In the numerous PTSAs I've been involved (and one I now lead) I've never seen an "Opt-in" form. Directory info is the highest level of info available to anyone who requests it and submits a non-commercial use agreement. The parent would have had to have signed off that they do not wish to exempt themselves from directory info.

PTSAs should ONLY go through district directory information unless, during the membership application a prospective PTSA member offers up the information.

Understand that the FED and our district uses the end-run available under FERPA; any org that purportedly offers an "institutional service" does not need parent permission to access student data. That means the City and its preschool program, ConnectEDU, CCER, RoadMap and their consultants.

We must use the (weak) measure of protection provided by FERPA. When in doubt, say NO

Anonymous said...

Miramac - there was a separate SPS release form some schools used to allow parents to pick B on FERPA and opt out, but still be allowed to "opt-in" to the yearbook, PTSA directory etc.

PTSA Bee - I've been on the board of a few PTSAs too and unfortunately it is very inconsistent the extent to which the school secretary or registrar (or whoever inputs the FERPA opt out info) interprets the PTSA as being able to receive directory information (for example for the purposes of updating an email list serve for newsletters or to create a directory). I've had lists fully turned over. I've had no lists at all turned over, even for folks who don't choose B. It is confusing I agree :) (for parents, staff and PTSAs) And unfortunate too b/c most schools don't have the bandwidth to do timely communication, theus rely on the PTSAs to do the weekly newsletters. So we can be really hamstrung by NOT getting directory information.

ptsa mom

Miss Waterlow said...

Miramac - "When in doubt, say NO." In re directories, I disagree.

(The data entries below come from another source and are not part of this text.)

lemma spd_eliminate_pivot:
  fixes A :: "real^'p^'p" and k :: 'p
  assumes spd: "spd A"
  obtains A' :: "real^'p^'p" and c :: "real^'p"
  where "spd A'" "det A' = det A" "c$k = 0"
    and "\<And>z. z \<bullet> (A *v z) = (z + (c \<bullet> z) *\<^sub>R axis k 1) \<bullet> (A' *v (z + (c \<bullet> z) *\<^sub>R axis k 1))"
    and "\<And>i j. i \<noteq> j \<Longrightarrow> i = k \<or> j = k \<Longrightarrow> A'$i$j = 0"
    and "\<And>i j. i \<noteq> k \<Longrightarrow> j \<noteq> k \<Longrightarrow> A'$i$j = A$i$j - A$i$k * A$k$j / A$k$k"
proof -
  define a where "a = A$k$k"
  define c where "c = (\<chi> j. if j = k then 0 else A$k$j / a)"
  define A' where "A' = (\<chi> i j. if i = k \<or> j = k then (if i = j then a else 0) else A$i$j - A$i$k * A$k$j / a)"
  define M :: "real^'p^'p" where "M = (\<chi> i j. (if i = j then 1 else 0) + (if i = k then c$j else 0))"
  have "a > 0"
    using spd_diagonal_pos[OF spd] by (simp add: a_def)
  note shear = symmetric_shear_factorization[OF _ a_def this c_def A'_def M_def]
  have sym: "transpose A = A"
    using spd by (simp add: spd_def)
  have ck: "c$k = 0"
    by (simp add: c_def)
  have qf: "z \<bullet> (A *v z) = (M *v z) \<bullet> (A' *v (M *v z))" for z
    by (subst shear(1)[OF sym]) (rule quadratic_form_congruence)
  have M_surj: "M *v (w - (c \<bullet> w) *\<^sub>R axis k 1) = w" for w
    by (simp add: shear(2)[OF sym] inner_diff_right inner_axis ck)
  have "w \<bullet> (A' *v w) > 0" if "w \<noteq> 0" for w
  proof -
    define z where "z = w - (c \<bullet> w) *\<^sub>R axis k 1"
    have "z \<noteq> 0"
      using M_surj[of w] that by (auto simp: z_def)
    moreover have "w \<bullet> (A' *v w) = z \<bullet> (A *v z)"
      using qf[of z] by (simp only: z_def M_surj)
    ultimately show ?thesis
      using spd_quadratic_form_pos[OF spd] by simp
  qed
  moreover have "transpose A' = A'"
    using spd_symmetric[OF spd] by (auto simp: vec_eq_iff transpose_def A'_def mult.commute)
  ultimately have "spd A'"
    by (simp add: spd_def)
  moreover have "det A' = det A"
    using shear(1,3)[OF sym] by (metis det_mul det_transpose mult_1 mult_1_right)
  moreover have "A'$i$j = 0" if "i \<noteq> j" "i = k \<or> j = k" for i j
    using that by (auto simp: A'_def)
  moreover have "A'$i$j = A$i$j - A$i$k * A$k$j / A$k$k" if "i \<noteq> k" "j \<noteq> k" for i j
    using that by (simp add: A'_def a_def)
  ultimately show thesis
    using that ck by (simp add: qf shear(2)[OF sym])
qed

lemma gaussian_integral_spd_partially_diagonal:
  fixes A :: "real^'p^'p"
  assumes "finite S" "spd A" "\<And>i j. i \<noteq> j \<Longrightarrow> i \<notin> S \<or> j \<notin> S \<Longrightarrow> A$i$j = 0"
  shows "det A > 0 \<and> (\<integral>\<^sup>+z. ennreal (exp (- (z \<bullet> (A *v z) / 2))) \<partial>lborel)
    = ennreal (sqrt (2 * pi) ^ CARD('p) / sqrt (det A))"
  using assms
proof (induction S arbitrary: A rule: finite_induct)
  \<comment> \<open>eliminate the pivots in \<open>S\<close> one at a time; no step changes the determinant or the integral\<close>
  case empty
  then have diag: "\<And>i j. i \<noteq> j \<Longrightarrow> A$i$j = 0" and pos: "\<And>i. A$i$i > 0"
    by (auto intro: spd_diagonal_pos)
  then show ?case
    using gaussian_integral_diagonal[OF diag pos] det_diagonal[OF diag] by (simp add: prod_pos)
next
  case (insert k S)
  obtain A' c where spd': "spd A'" and det': "det A' = det A" and "c$k = 0"
    and qf: "\<And>z. z \<bullet> (A *v z) = (z + (c \<bullet> z) *\<^sub>R axis k 1) \<bullet> (A' *v (z + (c \<bullet> z) *\<^sub>R axis k 1))"
    and pivot: "\<And>i j. i \<noteq> j \<Longrightarrow> i = k \<or> j = k \<Longrightarrow> A'$i$j = 0"
    and rest: "\<And>i j. i \<noteq> k \<Longrightarrow> j \<noteq> k \<Longrightarrow> A'$i$j = A$i$j - A$i$k * A$k$j / A$k$k"
    using spd_eliminate_pivot[OF insert.prems(1)] by blast
  have "A'$i$j = 0" if "i \<noteq> j" "i \<notin> S \<or> j \<notin> S" for i j
    using that pivot[of i j] rest[of i j] insert.prems(2)[of i j] insert.prems(2)[of i k] insert.prems(2)[of k j]
    by (cases "i = k \<or> j = k") auto
  note IH = insert.IH[OF spd' this]
  have "(\<integral>\<^sup>+z. ennreal (exp (- (z \<bullet> (A *v z) / 2))) \<partial>lborel)
      = (\<integral>\<^sup>+z. ennreal (exp (- (z \<bullet> (A' *v z) / 2))) \<partial>lborel)"
    unfolding qf using \<open>c$k = 0\<close>
    by (intro nn_integral_lborel_shear[where f="\<lambda>w. ennreal (exp (- (w \<bullet> (A' *v w) / 2)))"])
      (auto simp: inner_add_right inner_axis)
  then show ?case
    using IH det' by simp
qed
lemma Least_pos_notin_finite:
  fixes X :: "nat set"
  assumes "finite X"
  shows "1 \<le> (LEAST c. 1 \<le> c \<and> c \<notin> X)" "(LEAST c. 1 \<le> c \<and> c \<notin> X) \<notin> X"
    and "1 \<le> c \<Longrightarrow> c < (LEAST c. 1 \<le> c \<and> c \<notin> X) \<Longrightarrow> c \<in> X"
proof -
  obtain n where "n \<notin> insert 0 X"
    using ex_new_if_finite[OF infinite_UNIV_nat, of "insert 0 X"] assms by auto
  then have "\<exists>c. 1 \<le> c \<and> c \<notin> X" by (intro exI[of _ n]) auto
  from LeastI_ex[OF this] show "1 \<le> (LEAST c. 1 \<le> c \<and> c \<notin> X)" "(LEAST c. 1 \<le> c \<and> c \<notin> X) \<notin> X"
    by simp_all
  show "1 \<le> c \<Longrightarrow> c < (LEAST c. 1 \<le> c \<and> c \<notin> X) \<Longrightarrow> c \<in> X"
    using not_less_Least by blast
qed

lemma greedy_coloring_byD:
  assumes "greedy_coloring_by V E vs \<sigma>" "i < length vs"
  defines "X \<equiv> {\<sigma> (vs ! j) | j. j < i \<and> adj E (vs ! j) (vs ! i)}"
  shows "1 \<le> \<sigma> (vs ! i)" "\<sigma> (vs ! i) \<notin> X" "1 \<le> c \<Longrightarrow> c < \<sigma> (vs ! i) \<Longrightarrow> c \<in> X"
proof -
  have "X \<subseteq> (\<lambda>j. \<sigma> (vs ! j)) ` {..<i}" unfolding X_def by auto
  then have "finite X" by (rule finite_surj[OF finite_lessThan])
  moreover have "\<sigma> (vs ! i) = (LEAST c. 1 \<le> c \<and> c \<notin> X)"
    using assms(1,2) unfolding greedy_coloring_by_def X_def by blast
  ultimately show "1 \<le> \<sigma> (vs ! i)" "\<sigma> (vs ! i) \<notin> X" "1 \<le> c \<Longrightarrow> c < \<sigma> (vs ! i) \<Longrightarrow> c \<in> X"
    using Least_pos_notin_finite by simp_all
qed

lemma greedy_coloring_by_pos:
  assumes "greedy_coloring_by V E vs \<sigma>" "v \<in> V"
  shows "1 \<le> \<sigma> v"
proof -
  obtain i where "i < length vs" "v = vs ! i"
    using assms unfolding greedy_coloring_by_def by (metis in_set_conv_nth)
  then show ?thesis using greedy_coloring_byD(1)[OF assms(1)] by simp
qed

lemma greedy_coloring_by_smaller_color:
  assumes "greedy_coloring_by V E vs \<sigma>" "v \<in> V" "1 \<le> c" "c < \<sigma> v"
  shows "\<exists>u\<in>V. adj E v u \<and> \<sigma> u = c"
proof -
  obtain i where i: "i < length vs" "v = vs ! i"
    using assms(1,2) unfolding greedy_coloring_by_def by (metis in_set_conv_nth)
  then obtain j where "j < i" "adj E (vs ! j) v" "\<sigma> (vs ! j) = c"
    using greedy_coloring_byD(3)[OF assms(1) i(1), of c] assms(3,4) by auto
  moreover have "vs ! j \<in> V"
    using \<open>j < i\<close> i(1) assms(1) unfolding greedy_coloring_by_def by auto
  ultimately show ?thesis using adj_commute by metis
qed

lemma greedy_coloring_by_proper:
  assumes "greedy_coloring_by V E vs \<sigma>" and no_loop: "\<And>x. \<not> adj E x x"
  shows "proper_coloring V E \<sigma>"
  unfolding proper_coloring_def
proof (intro ballI impI)
  fix x y assume "x \<in> V" "y \<in> V" "adj E x y"
  have earlier_neighbour: "\<sigma> (vs ! i) \<noteq> \<sigma> (vs ! j)"
    if "j < i" "i < length vs" "adj E (vs ! j) (vs ! i)" for i j
    using greedy_coloring_byD(2)[OF assms(1) that(2)] that(1,3) by blast
  obtain i j where "i < length vs" "x = vs ! i" "j < length vs" "y = vs ! j"
    using assms(1) \<open>x \<in> V\<close> \<open>y \<in> V\<close> unfolding greedy_coloring_by_def by (metis in_set_conv_nth)
  moreover have "i \<noteq> j" using no_loop \<open>adj E x y\<close> calculation by auto
  ultimately show "\<sigma> x \<noteq> \<sigma> y"
    using earlier_neighbour \<open>adj E x y\<close> adj_commute by (metis linorder_neqE_nat)
qed

lemma greedy_coloring_by_closed_colors:
  assumes "greedy_coloring_by V E vs \<sigma>" "W \<subseteq> V" "finite W" "W \<noteq> {}"
    and closed: "\<And>v u. v \<in> W \<Longrightarrow> u \<in> V \<Longrightarrow> adj E v u \<Longrightarrow> u \<in> W"
  shows "\<sigma> ` W = {1..Max (\<sigma> ` W)}"
proof
  show "\<sigma> ` W \<subseteq> {1..Max (\<sigma> ` W)}"
    using greedy_coloring_by_pos[OF assms(1)] assms(2,3) by auto
  have "Max (\<sigma> ` W) \<in> \<sigma> ` W" using assms(3,4) by (intro Max_in) auto
  then obtain w where "w \<in> W" and w_max: "\<sigma> w = Max (\<sigma> ` W)" by (metis imageE)
  show "{1..Max (\<sigma> ` W)} \<subseteq> \<sigma> ` W"
  proof
    fix c assume c: "c \<in> {1..Max (\<sigma> ` W)}"
    show "c \<in> \<sigma> ` W"
    proof (cases "c = \<sigma> w")
      case False
      then obtain u where "u \<in> V" "adj E w u" "\<sigma> u = c"
        using greedy_coloring_by_smaller_color[OF assms(1), of w c] c \<open>w \<in> W\<close> w_max assms(2)
        by auto
      then show ?thesis using closed \<open>w \<in> W\<close> by blast
    qed (use \<open>w \<in> W\<close> in blast)
  qed
qed

lemma greedy_coloring_by_closed_grundy:
  assumes "greedy_coloring_by V E vs \<sigma>" "\<And>x. \<not> adj E x x" "W \<subseteq> V"
    and closed: "\<And>v u. v \<in> W \<Longrightarrow> u \<in> V \<Longrightarrow> adj E v u \<Longrightarrow> u \<in> W"
  shows "grundy_coloring W E \<sigma>"
  unfolding grundy_coloring_def
proof (intro conjI ballI impI)
  show "proper_coloring W E \<sigma>"
    using proper_coloring_mono[OF greedy_coloring_by_proper[OF assms(1,2)] assms(3) order_refl] .
  fix v c assume "v \<in> W" "c \<in> \<sigma> ` W" "c < \<sigma> v"
  moreover have "1 \<le> c" using greedy_coloring_by_pos[OF assms(1)] \<open>c \<in> \<sigma> ` W\<close> assms(3) by auto
  ultimately obtain u where "u \<in> V" "adj E v u" "\<sigma> u = c"
    using greedy_coloring_by_smaller_color[OF assms(1)] assms(3) by blast
  then show "\<exists>u\<in>W. adj E v u \<and> \<sigma> u = c" using closed \<open>v \<in> W\<close> by blast
qed

lemma component_subset: "component V E V1 \<Longrightarrow> V1 \<subseteq> V"
  unfolding component_def by blast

School directories are a hugely important resource for families and school communities. Encouraging parents not to provide contact information to other parents and students would be a very unfortunate byproduct of an uncareful concern about privacy. The directories in my children's schools have not been in formats that, as I understand the technology, would be available to anyone outside the immediate school community, unless improperly handled. PTSA's and school staff who collect and share directory information should be given guidelines for safeguarding it and should inform and assure parents of these guidelines.

In times of increasing disconnection between families and lack of community feeling at many schools, parents should be actively encouraged by the school to reach out and be responsive to other families - not least to the parents of their kids' friends, many of whom, especially as the kids get older, you might never lay eyes on (how many friends do your high-schoolers have named "you don't know 'em?"). Parents should be able to opt out of the directory, but not encouraged to do so - if that's, in fact, what you were suggesting:)

Miss Waterlow said...

For the record, I do believe that private companies should be prohibited by law from selling or using student data for commercial purposes - and any other purposes should be very strictly and transparently regulated. This would, in my opinion, be a very appropriate piece of legislation for the state to take up next session.

I also believe that the elephant in the room is not the efficacy of this data collection, but the educational efficacy of these programs and devices in the first place.